Le gymnase Aimé Bergeal de Mantes-la-Ville accueillait la finale du Championnat de France de culturisme ce samedi 8 avril. Parmi les près de 50 compétiteurs venus de la France entière, plusieurs espéraient aussi décrocher leur sélection pour les championnats du monde qui se dérouleront au Mexique. La compétition mantevilloise était organisée par l’Association française de culture physique athlétique et sportive (AFCPAS), en partenariat avec le Club athlétique de Mantes-la-Ville (CAMV). L’occasion de découvrir cette discipline avec Aboubacar Bakayoko, président de l’AFCPAS, mais surtout légende locale de culturisme et champion du monde en 2007.

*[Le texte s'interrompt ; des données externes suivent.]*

lemma expectation_pair_pmf_finite:
  fixes f :: "'a \<times> 'b \<Rightarrow> real"
  assumes p: "finite (set_pmf p)" and q: "finite (set_pmf q)"
  shows "measure_pmf.expectation (pair_pmf p q) f
       = measure_pmf.expectation q (\<lambda>y. measure_pmf.expectation p (\<lambda>x. f (x, y)))"
proof -
  have "measure_pmf.expectation (pair_pmf p q) f
      = (\<Sum>xy\<in>set_pmf p \<times> set_pmf q. pmf (pair_pmf p q) xy *\<^sub>R f xy)"
    using p q by (intro integral_measure_pmf) auto
  also have "\<dots> = (\<Sum>x\<in>set_pmf p. \<Sum>y\<in>set_pmf q. pmf p x * pmf q y * f (x, y))"
    unfolding sum.cartesian_product by (intro sum.cong refl) (auto simp: pmf_pair)
  also have "\<dots> = (\<Sum>y\<in>set_pmf q. pmf q y * (\<Sum>x\<in>set_pmf p. pmf p x * f (x, y)))"
    by (subst sum.swap) (simp add: sum_distrib_left mult_ac)
  also have "\<dots> = measure_pmf.expectation q (\<lambda>y. measure_pmf.expectation p (\<lambda>x. f (x, y)))"
    using p q by (simp add: integral_measure_pmf[of "set_pmf p"] integral_measure_pmf[of "set_pmf q"])
  finally show ?thesis .
qed

lemma expectation_Pi_pmf_fresh_coordinate:
  fixes h :: "('i \<Rightarrow> 'a) \<Rightarrow> 'a \<Rightarrow> real"
  assumes A: "finite A" "t \<in> A" and fin: "\<And>i. i \<in> A \<Longrightarrow> finite (set_pmf (p i))"
    and fresh: "\<And>g y. h (g(t := y)) = h g"
  shows "measure_pmf.expectation (Pi_pmf A d p) (\<lambda>f. h f (f t))
       = measure_pmf.expectation (Pi_pmf A d p) (\<lambda>f. measure_pmf.expectation (p t) (h f))"
proof -
  define Q where "Q = Pi_pmf (A - {t}) d p"
  have Pi: "Pi_pmf A d p = map_pmf (\<lambda>(y, g). g(t := y)) (pair_pmf (p t) Q)"
    using A Pi_pmf_insert[of "A - {t}" t d p] by (simp add: Q_def insert_absorb)
  have "finite (set_pmf Q)"
    unfolding Q_def using A fin by (intro finite_set_Pi_pmf) auto
  then have "measure_pmf.expectation (pair_pmf (p t) Q) (\<lambda>(y, g). h g y)
           = measure_pmf.expectation Q (\<lambda>g. measure_pmf.expectation (p t) (h g))"
    using A fin by (subst expectation_pair_pmf_finite) auto
  then show ?thesis
    using expectation_pair_pmf_snd[where f="\<lambda>g. measure_pmf.expectation (p t) (h g)" and p="p t" and q=Q]
    by (simp add: Pi fresh case_prod_unfold)
qed

lemma mixu_bounded:
  assumes "x \<in> mixed_strats" and "\<And>a af. 0 \<le> w z a af \<and> w z a af \<le> 1"
  shows "0 \<le> mixu w z x af \<and> mixu w z x af \<le> 1"
proof -
  have x: "\<And>a. 0 \<le> x$a" "(\<Sum>a\<in>UNIV. x$a) = 1"
    using assms(1) by (auto simp: mixed_strats_def)
  have "0 \<le> mixu w z x af"
    unfolding mixu_def using x assms(2) by (auto intro!: sum_nonneg)
  moreover have "mixu w z x af \<le> (\<Sum>a\<in>UNIV. x$a)"
    unfolding mixu_def using x assms(2) by (intro sum_mono) (simp add: mult_left_le)
  ultimately show ?thesis
    using x by simp
qed

lemma exp_util_eq_sum_resp_prob:
  "exp_util F u uf z x = (\<Sum>af\<in>UNIV. mixu u z x af * resp_prob F uf z x af)"
proof -
  have "exp_util F u uf z x
      = measure_pmf.expectation (map_pmf (\<lambda>k. best_resp uf k z x) F) (mixu u z x)"
    unfolding exp_util_def by simp
  also have "\<dots> = (\<Sum>af\<in>UNIV. pmf (map_pmf (\<lambda>k. best_resp uf k z x) F) af *\<^sub>R mixu u z x af)"
    by (rule integral_measure_pmf) auto
  finally show ?thesis
    by (simp add: pmf_map resp_prob_def vimage_def mult.commute)
qed

lemma exp_util_estimate_error_le_tv:
  assumes "x \<in> mixed_strats" and "\<And>a af. 0 \<le> u z a af \<and> u z a af \<le> 1"
  shows "\<bar>exp_util F u uf z x - (\<Sum>af\<in>UNIV. mixu u z x af * q af)\<bar>
         \<le> 2 * tv (resp_prob F uf z x) q"
proof -
  have "\<bar>exp_util F u uf z x - (\<Sum>af\<in>UNIV. mixu u z x af * q af)\<bar>
      = \<bar>\<Sum>af\<in>UNIV. mixu u z x af * (resp_prob F uf z x af - q af)\<bar>"
    by (simp add: exp_util_eq_sum_resp_prob sum_subtractf[symmetric] right_diff_distrib)
  also have "\<dots> \<le> (\<Sum>af\<in>UNIV. \<bar>mixu u z x af\<bar> * \<bar>resp_prob F uf z x af - q af\<bar>)"
    unfolding abs_mult[symmetric] by (rule sum_abs)
  also have "\<dots> \<le> (\<Sum>af\<in>UNIV. \<bar>resp_prob F uf z x af - q af\<bar>)"
    using mixu_bounded[of x u z, OF assms] by (intro sum_mono mult_left_le_one_le) auto
  finally show ?thesis
    by (simp add: tv_def)
qed

lemma exp_util_diff_le_tv_if_estimate_le:
  assumes "x \<in> mixed_strats" "y \<in> mixed_strats"
    and "\<And>a af. 0 \<le> u z a af \<and> u z a af \<le> 1"
    and "(\<Sum>af\<in>UNIV. mixu u z x af * q x af) \<le> (\<Sum>af\<in>UNIV. mixu u z y af * q y af)"
  shows "exp_util F u uf z x - exp_util F u uf z y
         \<le> 2 * (tv (resp_prob F uf z x) (q x) + tv (resp_prob F uf z y) (q y))"
  using exp_util_estimate_error_le_tv[of x u z F uf "q x", OF assms(1,3)]
    exp_util_estimate_error_le_tv[of y u z F uf "q y", OF assms(2,3)] assms(4)
  unfolding abs_le_iff by argo

lemma expectation_follower_seq_realized_utility:
  fixes F :: "'k::finite pmf"
  assumes "t < T" and "\<And>g k. z (g(t := k)) = z g" and "\<And>g k. x (g(t := k)) = x g"
  shows "measure_pmf.expectation (follower_seq T F)
           (\<lambda>fs. mixu u (z fs) (x fs) (best_resp uf (fs t) (z fs) (x fs)))
       = measure_pmf.expectation (follower_seq T F) (\<lambda>fs. exp_util F u uf (z fs) (x fs))"
  unfolding follower_seq_def exp_util_def using assms
  by (intro expectation_Pi_pmf_fresh_coordinate
        [where h="\<lambda>g k. mixu u (z g) (x g) (best_resp uf k (z g) (x g))"]) auto

lemma expected_regret_le_gap_plus_tv:
  fixes F :: "'k::finite pmf"
    and z :: "nat \<Rightarrow> (nat \<Rightarrow> 'k) \<Rightarrow> 'c"
    and xs xe xp :: "nat \<Rightarrow> (nat \<Rightarrow> 'k) \<Rightarrow> real^'a::finite"
    and q :: "nat \<Rightarrow> (nat \<Rightarrow> 'k) \<Rightarrow> real^'a \<Rightarrow> 'b::{finite,linorder} \<Rightarrow> real"
  assumes z_hist: "\<And>t fs gs. \<forall>s<t. fs s = gs s \<Longrightarrow> z t fs = z t gs"
    and xs_hist: "\<And>t fs gs. \<forall>s<t. fs s = gs s \<Longrightarrow> xs t fs = xs t gs"
    and xp_hist: "\<And>t fs gs. \<forall>s<t. fs s = gs s \<Longrightarrow> xp t fs = xp t gs"
    and u_bounded: "\<And>t fs a af. 0 \<le> u (z t fs) a af \<and> u (z t fs) a af \<le> 1"
    and xe_simplex: "\<And>t fs. xe t fs \<in> mixed_strats"
    and xp_simplex: "\<And>t fs. xp t fs \<in> mixed_strats"
    and greedy: "\<And>t fs. (\<Sum>af\<in>UNIV. mixu u (z t fs) (xe t fs) af * q t fs (xe t fs) af)
                        \<le> (\<Sum>af\<in>UNIV. mixu u (z t fs) (xp t fs) af * q t fs (xp t fs) af)"
    and gap: "\<And>fs. fs \<in> set_pmf (follower_seq T F) \<Longrightarrow>
                (\<Sum>t<T. exp_util F u uf (z t fs) (xs t fs) - exp_util F u uf (z t fs) (xe t fs)) \<le> 1"
  shows "measure_pmf.expectation (follower_seq T F)
           (\<lambda>fs. \<Sum>t<T. mixu u (z t fs) (xs t fs) (best_resp uf (fs t) (z t fs) (xs t fs))
                        - mixu u (z t fs) (xp t fs) (best_resp uf (fs t) (z t fs) (xp t fs)))
         \<le> 1 + 2 * (\<Sum>t<T. measure_pmf.expectation (follower_seq T F)
              (\<lambda>fs. tv (resp_prob F uf (z t fs) (xe t fs)) (q t fs (xe t fs))
                  + tv (resp_prob F uf (z t fs) (xp t fs)) (q t fs (xp t fs))))"
proof -
  define P where "P = follower_seq T F"
  have integrable_P: "\<And>f :: (nat \<Rightarrow> 'k) \<Rightarrow> real. integrable P f"
    unfolding P_def follower_seq_def by (intro integrable_measure_pmf_finite finite_set_Pi_pmf) auto
  define U where "U t fs x = exp_util F u uf (z t fs) x" for t fs x
  define TV where "TV t fs = tv (resp_prob F uf (z t fs) (xe t fs)) (q t fs (xe t fs))
                  + tv (resp_prob F uf (z t fs) (xp t fs)) (q t fs (xp t fs))" for t fs
  have realized: "measure_pmf.expectation P
           (\<lambda>fs. mixu u (z t fs) (xs t fs) (best_resp uf (fs t) (z t fs) (xs t fs))
                - mixu u (z t fs) (xp t fs) (best_resp uf (fs t) (z t fs) (xp t fs)))
      = measure_pmf.expectation P (\<lambda>fs. U t fs (xs t fs) - U t fs (xp t fs))" if "t < T" for t
  proof -
    have "\<forall>s<t. (g(t := k)) s = g s" for g :: "nat \<Rightarrow> 'k" and k
      by simp
    then have "z t (g(t := k)) = z t g" "xs t (g(t := k)) = xs t g" "xp t (g(t := k)) = xp t g"
      for g k
      using z_hist xs_hist xp_hist by blast+
    then show ?thesis
      unfolding P_def U_def using \<open>t < T\<close>
      by (simp add: Bochner_Integration.integral_diff integrable_P[unfolded P_def]
          expectation_follower_seq_realized_utility)
  qed
  have pointwise: "U t fs (xs t fs) - U t fs (xp t fs)
                   \<le> (U t fs (xs t fs) - U t fs (xe t fs)) + 2 * TV t fs" for t fs
    using exp_util_diff_le_tv_if_estimate_le[of "xe t fs" "xp t fs" u "z t fs" "q t fs" F uf]
      xe_simplex xp_simplex u_bounded greedy
    unfolding U_def TV_def by auto
  have expected_gap: "measure_pmf.expectation P (\<lambda>fs. \<Sum>t<T. U t fs (xs t fs) - U t fs (xe t fs)) \<le> 1"
    using gap unfolding P_def U_def
    by (intro measure_pmf.integral_le_const integrable_P[unfolded P_def]) (simp add: AE_measure_pmf_iff)
  have "measure_pmf.expectation P
          (\<lambda>fs. \<Sum>t<T. mixu u (z t fs) (xs t fs) (best_resp uf (fs t) (z t fs) (xs t fs))
                      - mixu u (z t fs) (xp t fs) (best_resp uf (fs t) (z t fs) (xp t fs)))
      = (\<Sum>t<T. measure_pmf.expectation P (\<lambda>fs. U t fs (xs t fs) - U t fs (xp t fs)))"
    by (subst Bochner_Integration.integral_sum[OF integrable_P]) (intro sum.cong refl realized, simp)
  also have "\<dots> \<le> (\<Sum>t<T. measure_pmf.expectation P
                        (\<lambda>fs. (U t fs (xs t fs) - U t fs (xe t fs)) + 2 * TV t fs))"
    by (intro sum_mono integral_mono integrable_P pointwise)
  also have "\<dots> = measure_pmf.expectation P (\<lambda>fs. \<Sum>t<T. U t fs (xs t fs) - U t fs (xe t fs))
                  + 2 * (\<Sum>t<T. measure_pmf.expectation P (TV t))"
    by (simp add: Bochner_Integration.integral_add Bochner_Integration.integral_sum integrable_P
        sum.distrib sum_distrib_left)
  also have "\<dots> \<le> 1 + 2 * (\<Sum>t<T. measure_pmf.expectation P (TV t))"
    using expected_gap by simp
  finally show ?thesis
    unfolding P_def TV_def .
qed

« C’est la partie scénique de la musculation, explique Aboubacar Bakayoko du culturisme. On présente le travail fini et ce qui compte, c’est la beauté et le côté esthétique. » Sur scène, les compétiteurs s’enchaînent, tendent leur impressionnante musculature pour présenter le fruit de leur travail, afin de se départager dans les 22 catégories qui sont fonctions du poids, de la taille et de l’âge. « Le sportif a une minute pour présenter sa chorégraphie et chacun est jugé par rapport à sa définition, son équilibre et son harmonie musculaire », détaille Aboubacar Bakayoko.

Pour faire un bon culturisme, l’ancien champion détaille ce qu’il appelle « le triangle de feu », basé sur « une rigueur en terme d’alimentation, un entraînement rigoureux et du repos ». Mais il met en garde contre le « surentraînement » et préconise « entre quatre et cinq séances par semaine pour un compétiteur ». Des séances au cours desquelles sont travaillés « tous les muscles de la cheville au cou ».

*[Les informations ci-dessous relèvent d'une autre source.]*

lemma exists_permutation_block_count_near:
  fixes M :: "nat \<Rightarrow> nat \<Rightarrow> real"
  assumes nonneg: "\<And>i j. i < d \<Longrightarrow> j < d \<Longrightarrow> 0 \<le> M i j"
    and rows: "\<And>i. i < d \<Longrightarrow> (\<Sum>j<d. M i j) = 1"
    and cols: "\<And>j. j < d \<Longrightarrow> (\<Sum>i<d. M i j) = 1"
  shows "\<exists>f. bij_betw f {..<d * s} {..<d * s} \<and>
    (\<forall>i<d. \<forall>j<d. \<bar>block_count s f i j - s * M i j\<bar> \<le> d)"
proof -
  define N where "N i j = nat \<lfloor>s * M i j\<rfloor>" for i j
  have N_le: "real (N i j) \<le> s * M i j" and N_gt: "s * M i j - 1 < N i j"
    if "i < d" "j < d" for i j
    using nonneg[OF that] unfolding N_def by (simp, linarith)
  have "(\<Sum>j<d. N i j) \<le> s" if "i < d" for i
  proof -
    have "(\<Sum>j<d. real (N i j)) \<le> (\<Sum>j<d. s * M i j)"
      using that by (intro sum_mono N_le) auto
    then show ?thesis
      using rows[OF that] by (simp flip: of_nat_sum sum_distrib_left)
  qed
  moreover have "(\<Sum>i<d. N i j) \<le> s" if "j < d" for j
  proof -
    have "(\<Sum>i<d. real (N i j)) \<le> (\<Sum>i<d. s * M i j)"
      using that by (intro sum_mono N_le) auto
    then show ?thesis
      using cols[OF that] by (simp flip: of_nat_sum sum_distrib_left)
  qed
  ultimately obtain f where f: "bij_betw f {..<d * s} {..<d * s}"
    and N_count: "\<forall>i<d. \<forall>j<d. N i j \<le> block_count s f i j"
    using exists_permutation_block_count_ge by blast
  have "\<bar>block_count s f i j - s * M i j\<bar> \<le> d" if "i < d" "j < d" for i j
  proof -
    have "(\<Sum>w<d. real (block_count s f i w)) = (\<Sum>w<d. s * M i w)"
      using sum_block_count[of f d s i] f that(1) rows[OF that(1)]
      by (simp add: bij_betw_def flip: of_nat_sum sum_distrib_left)
    moreover have "s * M i w - 1 \<le> block_count s f i w" if "w < d" for w
      using N_gt[OF \<open>i < d\<close> that] N_count \<open>i < d\<close> that by force
    ultimately show ?thesis
      using abs_diff_le_of_sum_eq[where S="{..<d}" and y="\<lambda>w. block_count s f i w"
          and x="\<lambda>w. s * M i w"] that by simp
  qed
  with f show ?thesis by blast
qed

Alors qu’au cours de l’année, un culturiste suit un régime basé sur « une alimentation adaptée à la prise de masse », dans les quelques jours qui précèdent une compétition, il « rentre en sèche », confie Aboubacar Bakayoko. C’est une période dont l’objectif est de réduire les graisses accumulées sans toucher aux muscles obtenus, afin que chaque muscle apparaisse plus nettement. « C’est une restriction contrôlée. L’alimentation est une partie importante du culturisme : un verre d’eau peu complètement anéantir tout le travail », prévient la légende locale de la discipline. La veille d’une compétition, les culturistes peuvent donc aller jusqu’à « s’abstenir de boire ».

Aboubacar Bakayoko reconnaît que le culturisme est « une pratique mal connue et méconnue », car souvent associée au dopage. Il explique pour sa part « essayer de faire avancer ce sport […] en inculquant une pratique seine et la philosophie de ce sport ». Derrière ses aspects de performance individuelle, le président de l’AFCPAS vante « un sport collectif dans le partage : ce que tu ne sais pas et que je sais, on le partage ».